Top of Exercise data

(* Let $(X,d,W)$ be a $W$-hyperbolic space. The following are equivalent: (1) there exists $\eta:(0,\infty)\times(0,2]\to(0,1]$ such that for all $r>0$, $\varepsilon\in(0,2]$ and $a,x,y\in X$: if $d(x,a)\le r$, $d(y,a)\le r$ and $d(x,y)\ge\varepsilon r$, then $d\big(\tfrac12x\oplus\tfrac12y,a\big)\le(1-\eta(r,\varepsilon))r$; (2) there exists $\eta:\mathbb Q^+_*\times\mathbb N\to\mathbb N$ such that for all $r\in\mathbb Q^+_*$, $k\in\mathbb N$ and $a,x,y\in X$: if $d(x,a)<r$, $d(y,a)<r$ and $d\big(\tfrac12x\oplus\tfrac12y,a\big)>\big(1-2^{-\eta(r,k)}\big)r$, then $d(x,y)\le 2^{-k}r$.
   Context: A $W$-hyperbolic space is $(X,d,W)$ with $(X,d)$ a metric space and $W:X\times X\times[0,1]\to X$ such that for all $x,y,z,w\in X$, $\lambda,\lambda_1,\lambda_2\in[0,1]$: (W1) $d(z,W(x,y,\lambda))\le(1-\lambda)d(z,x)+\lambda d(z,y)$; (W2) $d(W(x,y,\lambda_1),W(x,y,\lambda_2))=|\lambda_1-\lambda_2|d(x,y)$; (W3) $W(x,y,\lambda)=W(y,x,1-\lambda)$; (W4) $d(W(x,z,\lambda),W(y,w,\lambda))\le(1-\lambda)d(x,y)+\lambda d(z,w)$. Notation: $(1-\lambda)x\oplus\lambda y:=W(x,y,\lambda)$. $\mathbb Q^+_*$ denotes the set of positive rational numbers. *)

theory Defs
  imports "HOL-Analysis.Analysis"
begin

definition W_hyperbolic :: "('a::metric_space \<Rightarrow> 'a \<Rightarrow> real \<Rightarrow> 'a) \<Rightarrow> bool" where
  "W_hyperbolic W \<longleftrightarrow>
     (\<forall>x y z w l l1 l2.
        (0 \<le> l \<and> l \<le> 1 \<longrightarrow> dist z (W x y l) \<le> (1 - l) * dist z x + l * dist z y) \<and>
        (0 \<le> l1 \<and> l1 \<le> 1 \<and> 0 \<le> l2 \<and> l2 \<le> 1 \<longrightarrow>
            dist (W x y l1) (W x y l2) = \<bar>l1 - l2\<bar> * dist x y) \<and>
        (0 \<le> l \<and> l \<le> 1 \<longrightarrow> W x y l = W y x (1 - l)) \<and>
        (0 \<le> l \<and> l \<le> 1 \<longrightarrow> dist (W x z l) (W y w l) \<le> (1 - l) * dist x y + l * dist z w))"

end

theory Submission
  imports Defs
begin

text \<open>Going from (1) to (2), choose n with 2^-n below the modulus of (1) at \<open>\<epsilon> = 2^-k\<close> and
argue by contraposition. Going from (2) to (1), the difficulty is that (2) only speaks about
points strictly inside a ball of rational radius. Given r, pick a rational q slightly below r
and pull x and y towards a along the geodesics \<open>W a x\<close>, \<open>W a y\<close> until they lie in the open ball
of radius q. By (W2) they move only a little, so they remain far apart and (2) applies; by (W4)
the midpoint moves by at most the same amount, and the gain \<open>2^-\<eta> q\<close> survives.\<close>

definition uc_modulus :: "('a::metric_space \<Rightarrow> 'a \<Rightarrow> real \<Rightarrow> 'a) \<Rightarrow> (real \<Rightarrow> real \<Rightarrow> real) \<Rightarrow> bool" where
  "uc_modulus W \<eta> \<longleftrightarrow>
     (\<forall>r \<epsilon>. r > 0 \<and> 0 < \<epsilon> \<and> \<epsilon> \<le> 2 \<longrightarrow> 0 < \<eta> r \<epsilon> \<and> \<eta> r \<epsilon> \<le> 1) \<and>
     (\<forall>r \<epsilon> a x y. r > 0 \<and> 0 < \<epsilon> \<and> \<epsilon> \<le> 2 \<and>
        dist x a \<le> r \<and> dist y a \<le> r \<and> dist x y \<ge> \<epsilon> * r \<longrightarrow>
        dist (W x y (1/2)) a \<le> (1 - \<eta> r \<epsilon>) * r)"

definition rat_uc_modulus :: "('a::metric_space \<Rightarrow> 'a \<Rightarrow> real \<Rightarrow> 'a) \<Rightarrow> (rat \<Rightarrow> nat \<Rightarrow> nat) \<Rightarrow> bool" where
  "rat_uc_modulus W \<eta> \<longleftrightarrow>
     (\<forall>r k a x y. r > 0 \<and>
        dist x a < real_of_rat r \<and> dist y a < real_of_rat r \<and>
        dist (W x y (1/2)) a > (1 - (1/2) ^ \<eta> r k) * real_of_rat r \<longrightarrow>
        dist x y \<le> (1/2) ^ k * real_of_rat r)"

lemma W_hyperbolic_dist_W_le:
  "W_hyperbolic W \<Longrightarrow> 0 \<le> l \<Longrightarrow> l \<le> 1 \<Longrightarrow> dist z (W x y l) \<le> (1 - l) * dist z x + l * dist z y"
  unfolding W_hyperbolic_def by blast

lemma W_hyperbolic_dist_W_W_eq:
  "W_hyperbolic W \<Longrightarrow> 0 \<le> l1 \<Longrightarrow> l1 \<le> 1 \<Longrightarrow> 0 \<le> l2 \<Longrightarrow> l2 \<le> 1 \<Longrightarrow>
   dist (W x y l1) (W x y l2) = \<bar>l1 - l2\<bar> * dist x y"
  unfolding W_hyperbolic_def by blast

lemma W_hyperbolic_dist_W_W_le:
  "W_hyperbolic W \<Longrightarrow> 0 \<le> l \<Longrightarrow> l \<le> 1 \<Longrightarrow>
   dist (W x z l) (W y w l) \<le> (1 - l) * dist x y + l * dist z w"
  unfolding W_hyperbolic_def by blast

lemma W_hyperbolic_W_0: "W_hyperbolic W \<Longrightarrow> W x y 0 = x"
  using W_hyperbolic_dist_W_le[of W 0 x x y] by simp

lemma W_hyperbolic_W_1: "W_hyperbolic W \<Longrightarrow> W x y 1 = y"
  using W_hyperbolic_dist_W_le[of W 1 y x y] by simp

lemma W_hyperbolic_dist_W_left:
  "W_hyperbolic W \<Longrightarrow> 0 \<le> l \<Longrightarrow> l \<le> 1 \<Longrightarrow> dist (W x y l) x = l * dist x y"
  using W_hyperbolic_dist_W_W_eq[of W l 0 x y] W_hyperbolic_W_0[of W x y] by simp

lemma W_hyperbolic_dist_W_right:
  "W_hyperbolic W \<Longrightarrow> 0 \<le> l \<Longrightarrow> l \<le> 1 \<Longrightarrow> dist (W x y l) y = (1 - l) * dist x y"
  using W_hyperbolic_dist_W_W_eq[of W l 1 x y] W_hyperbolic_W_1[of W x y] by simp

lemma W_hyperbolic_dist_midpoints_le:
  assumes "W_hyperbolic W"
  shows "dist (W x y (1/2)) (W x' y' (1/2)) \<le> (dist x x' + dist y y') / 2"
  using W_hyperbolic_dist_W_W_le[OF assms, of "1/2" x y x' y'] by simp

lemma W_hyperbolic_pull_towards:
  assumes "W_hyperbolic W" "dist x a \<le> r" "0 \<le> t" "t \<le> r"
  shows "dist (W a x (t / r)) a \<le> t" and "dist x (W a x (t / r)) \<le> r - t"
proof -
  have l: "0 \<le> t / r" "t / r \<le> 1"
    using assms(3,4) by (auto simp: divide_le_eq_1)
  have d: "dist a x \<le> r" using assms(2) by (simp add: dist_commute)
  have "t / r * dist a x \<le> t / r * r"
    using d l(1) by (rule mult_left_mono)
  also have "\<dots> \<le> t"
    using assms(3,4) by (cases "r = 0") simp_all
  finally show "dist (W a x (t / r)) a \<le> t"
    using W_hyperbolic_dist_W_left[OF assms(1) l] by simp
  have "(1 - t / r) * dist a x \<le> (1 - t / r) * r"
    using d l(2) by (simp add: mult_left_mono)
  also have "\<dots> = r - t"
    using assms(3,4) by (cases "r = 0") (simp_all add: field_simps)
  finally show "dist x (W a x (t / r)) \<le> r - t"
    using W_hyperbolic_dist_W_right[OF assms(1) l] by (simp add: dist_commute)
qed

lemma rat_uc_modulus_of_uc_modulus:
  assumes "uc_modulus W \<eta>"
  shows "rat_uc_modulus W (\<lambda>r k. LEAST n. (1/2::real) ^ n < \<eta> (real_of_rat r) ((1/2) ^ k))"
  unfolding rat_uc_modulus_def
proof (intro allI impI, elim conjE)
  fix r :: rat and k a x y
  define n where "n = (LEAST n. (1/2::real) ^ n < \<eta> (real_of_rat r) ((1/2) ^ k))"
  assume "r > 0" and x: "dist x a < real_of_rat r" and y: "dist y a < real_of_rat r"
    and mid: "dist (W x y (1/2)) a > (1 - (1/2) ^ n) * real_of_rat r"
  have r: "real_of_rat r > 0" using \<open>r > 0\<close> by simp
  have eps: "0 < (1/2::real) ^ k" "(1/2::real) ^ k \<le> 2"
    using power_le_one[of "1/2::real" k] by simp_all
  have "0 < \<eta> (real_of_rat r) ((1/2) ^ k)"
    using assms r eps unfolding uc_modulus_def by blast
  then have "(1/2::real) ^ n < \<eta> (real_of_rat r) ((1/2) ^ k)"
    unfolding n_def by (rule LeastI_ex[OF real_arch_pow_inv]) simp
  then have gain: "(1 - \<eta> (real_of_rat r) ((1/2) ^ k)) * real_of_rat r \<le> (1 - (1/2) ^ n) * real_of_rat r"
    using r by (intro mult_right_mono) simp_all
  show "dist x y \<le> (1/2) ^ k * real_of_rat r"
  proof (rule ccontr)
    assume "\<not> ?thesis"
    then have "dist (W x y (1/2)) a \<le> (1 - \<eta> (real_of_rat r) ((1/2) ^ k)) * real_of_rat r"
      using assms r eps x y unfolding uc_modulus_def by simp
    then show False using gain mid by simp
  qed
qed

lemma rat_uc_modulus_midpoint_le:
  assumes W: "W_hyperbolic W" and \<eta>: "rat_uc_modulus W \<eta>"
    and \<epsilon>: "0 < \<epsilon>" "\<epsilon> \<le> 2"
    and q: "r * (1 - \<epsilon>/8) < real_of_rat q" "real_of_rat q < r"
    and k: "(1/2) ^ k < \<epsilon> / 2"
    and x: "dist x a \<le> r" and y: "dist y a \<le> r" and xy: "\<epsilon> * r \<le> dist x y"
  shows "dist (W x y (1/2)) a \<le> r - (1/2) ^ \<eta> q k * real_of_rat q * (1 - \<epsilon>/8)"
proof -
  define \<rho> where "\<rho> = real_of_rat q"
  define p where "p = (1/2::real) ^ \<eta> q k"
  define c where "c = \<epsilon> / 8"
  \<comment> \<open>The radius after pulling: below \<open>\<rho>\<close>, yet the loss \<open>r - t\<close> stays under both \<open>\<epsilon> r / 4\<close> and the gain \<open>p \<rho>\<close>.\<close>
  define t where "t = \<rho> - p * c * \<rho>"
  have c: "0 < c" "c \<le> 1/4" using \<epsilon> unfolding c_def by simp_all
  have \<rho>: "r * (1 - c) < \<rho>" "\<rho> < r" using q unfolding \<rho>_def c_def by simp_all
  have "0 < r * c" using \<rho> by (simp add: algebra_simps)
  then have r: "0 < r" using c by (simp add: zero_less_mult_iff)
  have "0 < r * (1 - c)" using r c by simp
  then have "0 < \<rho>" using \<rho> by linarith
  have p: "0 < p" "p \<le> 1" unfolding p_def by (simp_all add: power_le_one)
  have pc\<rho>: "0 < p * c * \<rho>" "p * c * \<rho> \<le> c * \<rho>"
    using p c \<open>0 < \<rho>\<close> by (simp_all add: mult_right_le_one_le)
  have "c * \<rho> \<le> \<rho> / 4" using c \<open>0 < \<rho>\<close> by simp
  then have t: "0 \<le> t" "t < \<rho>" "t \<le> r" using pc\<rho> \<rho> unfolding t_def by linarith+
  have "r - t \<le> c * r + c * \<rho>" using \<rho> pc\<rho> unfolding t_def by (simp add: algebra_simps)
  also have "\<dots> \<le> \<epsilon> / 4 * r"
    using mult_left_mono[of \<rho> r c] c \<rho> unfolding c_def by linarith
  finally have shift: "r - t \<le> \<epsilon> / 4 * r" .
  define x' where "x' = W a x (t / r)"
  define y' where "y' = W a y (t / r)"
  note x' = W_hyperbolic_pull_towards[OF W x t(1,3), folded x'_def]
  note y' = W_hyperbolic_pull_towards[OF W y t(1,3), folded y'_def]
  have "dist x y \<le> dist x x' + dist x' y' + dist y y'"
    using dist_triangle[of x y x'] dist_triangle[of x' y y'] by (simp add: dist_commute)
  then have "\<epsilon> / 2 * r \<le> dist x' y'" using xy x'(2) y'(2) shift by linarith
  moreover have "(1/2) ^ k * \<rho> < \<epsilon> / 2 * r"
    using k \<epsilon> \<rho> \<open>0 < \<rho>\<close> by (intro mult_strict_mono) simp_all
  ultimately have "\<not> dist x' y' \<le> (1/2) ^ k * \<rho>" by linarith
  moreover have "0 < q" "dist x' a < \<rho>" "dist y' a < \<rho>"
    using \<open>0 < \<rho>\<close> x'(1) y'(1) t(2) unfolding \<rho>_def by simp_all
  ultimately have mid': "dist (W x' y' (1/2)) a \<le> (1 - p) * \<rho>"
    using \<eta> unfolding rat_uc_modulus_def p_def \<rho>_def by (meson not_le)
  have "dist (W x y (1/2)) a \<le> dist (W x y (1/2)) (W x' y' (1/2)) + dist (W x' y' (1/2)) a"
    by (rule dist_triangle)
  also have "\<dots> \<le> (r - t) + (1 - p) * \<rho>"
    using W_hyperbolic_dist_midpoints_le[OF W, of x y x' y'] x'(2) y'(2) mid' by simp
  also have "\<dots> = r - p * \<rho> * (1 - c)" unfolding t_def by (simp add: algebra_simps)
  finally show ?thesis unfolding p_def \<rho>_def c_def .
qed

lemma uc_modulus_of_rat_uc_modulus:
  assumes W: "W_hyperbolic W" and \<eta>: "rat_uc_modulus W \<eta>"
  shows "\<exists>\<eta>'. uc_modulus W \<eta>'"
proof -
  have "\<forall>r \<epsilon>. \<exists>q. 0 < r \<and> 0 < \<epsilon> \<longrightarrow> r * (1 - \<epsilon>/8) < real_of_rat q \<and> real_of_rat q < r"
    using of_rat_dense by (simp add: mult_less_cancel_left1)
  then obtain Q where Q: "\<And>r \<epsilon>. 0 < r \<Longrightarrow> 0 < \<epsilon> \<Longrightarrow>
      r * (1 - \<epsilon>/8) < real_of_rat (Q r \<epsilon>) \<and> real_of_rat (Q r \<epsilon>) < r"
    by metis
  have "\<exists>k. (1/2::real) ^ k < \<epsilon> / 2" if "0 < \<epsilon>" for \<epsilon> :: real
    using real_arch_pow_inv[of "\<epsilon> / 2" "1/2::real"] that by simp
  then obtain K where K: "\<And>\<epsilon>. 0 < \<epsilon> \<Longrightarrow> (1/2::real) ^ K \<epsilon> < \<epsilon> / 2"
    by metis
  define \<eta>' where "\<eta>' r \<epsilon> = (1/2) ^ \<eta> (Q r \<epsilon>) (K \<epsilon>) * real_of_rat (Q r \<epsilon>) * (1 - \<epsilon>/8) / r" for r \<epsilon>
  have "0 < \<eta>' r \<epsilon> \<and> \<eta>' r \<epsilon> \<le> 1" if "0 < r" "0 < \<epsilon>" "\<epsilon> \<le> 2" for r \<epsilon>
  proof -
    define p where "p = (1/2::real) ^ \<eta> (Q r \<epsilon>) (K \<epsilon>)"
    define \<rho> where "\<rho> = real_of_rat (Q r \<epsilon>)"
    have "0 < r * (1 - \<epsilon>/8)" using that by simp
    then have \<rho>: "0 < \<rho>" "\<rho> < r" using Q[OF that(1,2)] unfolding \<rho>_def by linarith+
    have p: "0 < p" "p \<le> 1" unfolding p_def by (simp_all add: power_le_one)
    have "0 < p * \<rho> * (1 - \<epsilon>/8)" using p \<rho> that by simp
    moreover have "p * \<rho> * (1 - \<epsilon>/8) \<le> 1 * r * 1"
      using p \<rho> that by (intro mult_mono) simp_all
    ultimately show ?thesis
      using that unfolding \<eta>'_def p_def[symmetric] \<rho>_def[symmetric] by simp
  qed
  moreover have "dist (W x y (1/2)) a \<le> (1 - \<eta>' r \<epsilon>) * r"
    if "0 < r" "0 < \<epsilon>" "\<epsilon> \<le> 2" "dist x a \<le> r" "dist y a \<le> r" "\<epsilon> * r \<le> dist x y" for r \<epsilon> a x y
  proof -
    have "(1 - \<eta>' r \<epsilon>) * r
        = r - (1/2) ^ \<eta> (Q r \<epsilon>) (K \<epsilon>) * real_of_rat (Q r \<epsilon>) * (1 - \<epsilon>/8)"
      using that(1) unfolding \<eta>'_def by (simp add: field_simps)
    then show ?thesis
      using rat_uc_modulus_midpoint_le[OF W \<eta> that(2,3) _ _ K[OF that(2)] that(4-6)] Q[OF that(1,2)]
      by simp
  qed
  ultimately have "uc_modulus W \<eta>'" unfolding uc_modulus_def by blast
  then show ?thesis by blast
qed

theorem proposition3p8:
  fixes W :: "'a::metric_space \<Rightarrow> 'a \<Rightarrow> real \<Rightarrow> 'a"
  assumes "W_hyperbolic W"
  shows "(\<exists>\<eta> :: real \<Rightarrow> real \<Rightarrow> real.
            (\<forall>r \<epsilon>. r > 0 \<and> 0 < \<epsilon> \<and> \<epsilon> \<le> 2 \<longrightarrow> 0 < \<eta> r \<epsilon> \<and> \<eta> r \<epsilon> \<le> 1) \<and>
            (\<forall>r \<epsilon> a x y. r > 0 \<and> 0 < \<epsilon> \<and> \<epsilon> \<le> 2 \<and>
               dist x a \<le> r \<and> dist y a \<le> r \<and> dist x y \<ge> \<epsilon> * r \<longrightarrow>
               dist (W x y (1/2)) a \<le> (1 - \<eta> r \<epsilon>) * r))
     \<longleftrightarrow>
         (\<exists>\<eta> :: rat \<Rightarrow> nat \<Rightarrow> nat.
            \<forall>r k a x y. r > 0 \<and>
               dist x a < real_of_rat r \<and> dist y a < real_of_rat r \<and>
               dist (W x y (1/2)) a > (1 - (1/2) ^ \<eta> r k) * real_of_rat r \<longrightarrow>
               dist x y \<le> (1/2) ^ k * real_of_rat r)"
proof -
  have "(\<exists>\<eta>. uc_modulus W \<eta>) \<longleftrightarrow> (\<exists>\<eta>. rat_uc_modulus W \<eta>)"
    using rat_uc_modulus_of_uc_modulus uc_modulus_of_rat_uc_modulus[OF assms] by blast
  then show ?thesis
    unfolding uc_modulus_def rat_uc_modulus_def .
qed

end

Bottom of Exercise data
Top of Exercise data

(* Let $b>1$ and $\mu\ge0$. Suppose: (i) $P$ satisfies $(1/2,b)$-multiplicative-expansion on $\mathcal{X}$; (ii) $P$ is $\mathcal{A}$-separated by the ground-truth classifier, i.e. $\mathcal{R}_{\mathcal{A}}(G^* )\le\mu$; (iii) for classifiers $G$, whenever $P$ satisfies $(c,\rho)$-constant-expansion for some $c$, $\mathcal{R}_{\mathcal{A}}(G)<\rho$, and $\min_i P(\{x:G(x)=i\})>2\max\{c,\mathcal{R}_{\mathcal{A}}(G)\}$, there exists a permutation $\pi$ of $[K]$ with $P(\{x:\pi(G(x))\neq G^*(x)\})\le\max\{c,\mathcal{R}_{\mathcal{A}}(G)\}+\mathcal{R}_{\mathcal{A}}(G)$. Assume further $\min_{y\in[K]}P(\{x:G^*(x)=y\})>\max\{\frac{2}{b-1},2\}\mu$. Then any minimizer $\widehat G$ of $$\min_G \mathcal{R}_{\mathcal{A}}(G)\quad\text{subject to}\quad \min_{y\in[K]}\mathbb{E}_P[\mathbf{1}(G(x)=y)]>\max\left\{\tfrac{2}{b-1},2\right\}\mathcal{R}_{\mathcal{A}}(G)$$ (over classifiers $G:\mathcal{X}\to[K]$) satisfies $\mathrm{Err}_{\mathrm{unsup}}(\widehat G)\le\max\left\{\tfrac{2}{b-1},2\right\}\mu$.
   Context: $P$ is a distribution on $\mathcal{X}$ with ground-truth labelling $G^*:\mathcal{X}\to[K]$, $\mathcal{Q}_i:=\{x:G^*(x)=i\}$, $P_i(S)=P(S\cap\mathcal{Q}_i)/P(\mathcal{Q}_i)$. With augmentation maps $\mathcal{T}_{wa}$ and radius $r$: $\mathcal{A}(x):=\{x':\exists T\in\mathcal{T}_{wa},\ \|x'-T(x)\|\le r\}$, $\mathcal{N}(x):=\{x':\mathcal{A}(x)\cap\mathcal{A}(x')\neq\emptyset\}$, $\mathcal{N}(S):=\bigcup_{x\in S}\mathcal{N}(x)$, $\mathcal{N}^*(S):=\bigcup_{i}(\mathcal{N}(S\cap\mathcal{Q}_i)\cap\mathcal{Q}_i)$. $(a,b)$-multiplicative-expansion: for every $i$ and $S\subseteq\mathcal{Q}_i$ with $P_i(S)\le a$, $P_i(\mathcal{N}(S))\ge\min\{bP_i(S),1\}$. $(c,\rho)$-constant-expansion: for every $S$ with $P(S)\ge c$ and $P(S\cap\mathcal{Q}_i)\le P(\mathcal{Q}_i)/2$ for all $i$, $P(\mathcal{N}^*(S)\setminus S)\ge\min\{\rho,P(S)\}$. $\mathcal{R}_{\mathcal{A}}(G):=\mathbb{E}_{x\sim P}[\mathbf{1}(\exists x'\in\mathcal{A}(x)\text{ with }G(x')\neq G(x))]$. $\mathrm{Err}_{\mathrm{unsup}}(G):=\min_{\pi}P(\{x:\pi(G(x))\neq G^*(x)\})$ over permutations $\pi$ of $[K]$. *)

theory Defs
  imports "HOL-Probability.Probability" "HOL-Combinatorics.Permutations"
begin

Bottom of Exercise data
Top of Exercise data

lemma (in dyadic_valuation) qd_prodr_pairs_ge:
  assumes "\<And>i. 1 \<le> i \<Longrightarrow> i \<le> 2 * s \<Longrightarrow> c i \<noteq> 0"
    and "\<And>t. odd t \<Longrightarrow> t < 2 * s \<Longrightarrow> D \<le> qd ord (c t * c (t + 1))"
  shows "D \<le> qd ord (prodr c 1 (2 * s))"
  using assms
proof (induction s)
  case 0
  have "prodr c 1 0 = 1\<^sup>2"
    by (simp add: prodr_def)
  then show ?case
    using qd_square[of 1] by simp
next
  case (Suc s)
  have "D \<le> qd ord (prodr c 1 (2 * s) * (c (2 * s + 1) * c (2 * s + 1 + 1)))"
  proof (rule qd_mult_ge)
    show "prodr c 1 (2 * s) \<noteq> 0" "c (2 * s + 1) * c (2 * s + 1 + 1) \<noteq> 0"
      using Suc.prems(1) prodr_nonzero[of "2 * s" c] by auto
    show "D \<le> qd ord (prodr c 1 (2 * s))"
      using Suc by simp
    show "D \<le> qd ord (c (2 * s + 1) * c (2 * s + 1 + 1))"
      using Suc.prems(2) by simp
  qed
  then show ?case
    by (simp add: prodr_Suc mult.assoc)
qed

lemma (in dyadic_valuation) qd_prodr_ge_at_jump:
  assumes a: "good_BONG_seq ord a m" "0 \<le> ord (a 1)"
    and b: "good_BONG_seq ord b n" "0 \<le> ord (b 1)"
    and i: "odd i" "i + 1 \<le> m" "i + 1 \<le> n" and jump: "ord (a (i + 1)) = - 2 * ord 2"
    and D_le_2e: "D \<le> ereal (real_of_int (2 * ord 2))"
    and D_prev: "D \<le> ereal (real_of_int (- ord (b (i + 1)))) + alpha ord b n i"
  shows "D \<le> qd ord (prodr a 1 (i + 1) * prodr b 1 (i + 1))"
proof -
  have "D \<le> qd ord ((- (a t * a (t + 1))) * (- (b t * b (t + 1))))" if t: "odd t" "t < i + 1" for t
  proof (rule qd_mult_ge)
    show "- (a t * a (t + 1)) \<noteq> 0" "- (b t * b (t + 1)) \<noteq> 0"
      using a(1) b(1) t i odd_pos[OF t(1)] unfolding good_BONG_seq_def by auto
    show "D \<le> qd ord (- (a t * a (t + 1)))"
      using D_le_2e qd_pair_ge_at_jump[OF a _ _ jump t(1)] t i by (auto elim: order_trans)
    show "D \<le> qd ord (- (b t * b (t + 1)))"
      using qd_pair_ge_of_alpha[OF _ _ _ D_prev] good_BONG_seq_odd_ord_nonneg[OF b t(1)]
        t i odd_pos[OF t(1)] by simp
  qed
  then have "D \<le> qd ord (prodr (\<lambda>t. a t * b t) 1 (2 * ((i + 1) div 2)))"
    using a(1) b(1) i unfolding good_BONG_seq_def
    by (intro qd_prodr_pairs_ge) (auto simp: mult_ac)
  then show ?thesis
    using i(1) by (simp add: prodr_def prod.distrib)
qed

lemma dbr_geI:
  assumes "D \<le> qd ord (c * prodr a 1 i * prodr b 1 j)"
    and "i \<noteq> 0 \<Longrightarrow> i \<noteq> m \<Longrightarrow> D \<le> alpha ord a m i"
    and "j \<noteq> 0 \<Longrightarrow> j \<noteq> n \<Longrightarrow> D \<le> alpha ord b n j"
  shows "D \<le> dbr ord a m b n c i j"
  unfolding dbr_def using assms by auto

Bottom of Exercise data

Activity: Where the string "imports" turns up in a line of the data above, copy that whole line.

Answer to the problem:
  imports "HOL-Analysis.Analysis"
  imports Defs
  imports "HOL-Probability.Probability" "HOL-Combinatorics.Permutations"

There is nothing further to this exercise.